== WHAT TO WORK ON ==
Print word for word the records from the line containing "theory Defs" through the end.

(Items listed in a dataset)
- - - -

(* Let $\mu\in\Delta(S)$ and let $(\pi^{(t)})$ be the iterates of Algorithm SMISBR with parameter $\tau>0$, and suppose the algorithm does not stop at step $t$. Then for every $i\in I$, $$\max_{\pi_i'\in\Pi_i}V_i(\mu,\pi_i',\pi_{-i}^{(t)})-V_i(\mu,\pi^{(t)})\le\frac{1}{1-\delta}\Big(\Delta_{\bar i_t}^{(t)}(\bar s_t)+2\tau\log\bar A\Big),$$ where $\bar A=\max_i|A_i|$.
   Context: Markov game $\langle I,S,(A_i),(u_i),P,\delta\rangle$ with finite $I,S,A_i$, $\delta\in(0,1)$; stationary policies $\pi_i$ with $\pi_i(s)\in\Delta(A_i)$, sets $\Pi_i$, $\pi_{-i}(s,a_{-i})=\prod_{j\neq i}\pi_j(s,a_j)$. $V_i(\mu,\pi)=\mathbb E[\sum_k\delta^ku_i(s^k,a^k)]$ with $s^0\sim\mu$, $a^k\sim\pi(s^k)$, $s^{k+1}\sim P(\cdot|s^k,a^k)$. $\nu_i(s,\pi_i)=\sum_{a_i}\pi_i(s,a_i)\log\pi_i(s,a_i)$. $\tilde V_i(s,\pi)=\mathbb E[\sum_k\delta^k(u_i(s^k,a^k)-\tau\nu_i(s^k,\pi_i))\mid s^0=s]$. $\tilde Q_i(s,a_i;\pi)=\sum_{a_{-i}}\pi_{-i}(s,a_{-i})\big(u_i(s,a)-\tau\nu_i(s,\pi_i)+\delta\sum_{s'}P(s'|s,a)\tilde V_i(s',\pi)\big)$; $\tilde Q_i^{(t)}(s,p)=\sum_{a_i}p(a_i)\tilde Q_i(s,a_i;\pi^{(t)})$ for $p\in\Delta(A_i)$. Algorithm SMISBR with $\tau>0$: $\pi_i^{(0)}(s,a_i)=1/|A_i|$. At step $t$: $BR_i^{(t)}(s,a_i)=\exp(\tilde Q_i(s,a_i;\pi^{(t)})/\tau)/\sum_{a'}\exp(\tilde Q_i(s,a';\pi^{(t)})/\tau)$; $\Delta_i^{(t)}(s)=\max_{p\in\Delta(A_i)}(\tilde Q_i^{(t)}(s,p)-\tau\nu_i(s,p))-(\tilde Q_i^{(t)}(s,\pi_i^{(t)}(s))-\tau\nu_i(s,\pi_i^{(t)}))$. If all $\Delta_i^{(t)}(s)\le0$, stop. Else choose $(\bar i_t,\bar s_t)\in\arg\max_{i,s}\Delta_i^{(t)}(s)$, set $\pi_{\bar i_t}^{(t+1)}(\bar s_t)=BR_{\bar i_t}^{(t)}(\bar s_t)$, leave all other components unchanged. *)

theory Defs
  imports "HOL-Analysis.Analysis"
begin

- - - -

== YOUR SOLUTION ==
theory Defs
  imports "HOL-Analysis.Analysis"
begin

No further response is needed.